THE PROBLEM - Your task is to repeat, word for word, the line containing "E A w Q (w(e" and all lines that follow it to the end of the material, and no other lines.

EXCERPTED RECORDS -
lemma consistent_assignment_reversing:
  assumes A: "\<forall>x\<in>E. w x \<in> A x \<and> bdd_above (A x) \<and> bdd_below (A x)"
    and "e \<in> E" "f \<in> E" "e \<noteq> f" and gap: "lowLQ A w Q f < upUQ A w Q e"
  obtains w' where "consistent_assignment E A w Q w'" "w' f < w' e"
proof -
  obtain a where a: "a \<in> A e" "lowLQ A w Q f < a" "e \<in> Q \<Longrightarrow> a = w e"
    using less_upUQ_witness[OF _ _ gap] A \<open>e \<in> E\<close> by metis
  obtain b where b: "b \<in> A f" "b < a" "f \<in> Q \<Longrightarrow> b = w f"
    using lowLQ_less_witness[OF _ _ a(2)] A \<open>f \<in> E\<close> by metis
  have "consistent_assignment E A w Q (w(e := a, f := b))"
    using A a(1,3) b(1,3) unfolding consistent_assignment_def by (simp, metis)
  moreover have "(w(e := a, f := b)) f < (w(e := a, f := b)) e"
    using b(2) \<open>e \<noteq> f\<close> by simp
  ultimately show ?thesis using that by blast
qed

RESPONSE TO THIS TASK -
  have "consistent_assignment E A w Q (w(e := a, f := b))"
    using A a(1,3) b(1,3) unfolding consistent_assignment_def by (simp, metis)
  moreover have "(w(e := a, f := b)) f < (w(e := a, f := b)) e"
    using b(2) \<open>e \<noteq> f\<close> by simp
  ultimately show ?thesis using that by blast
qed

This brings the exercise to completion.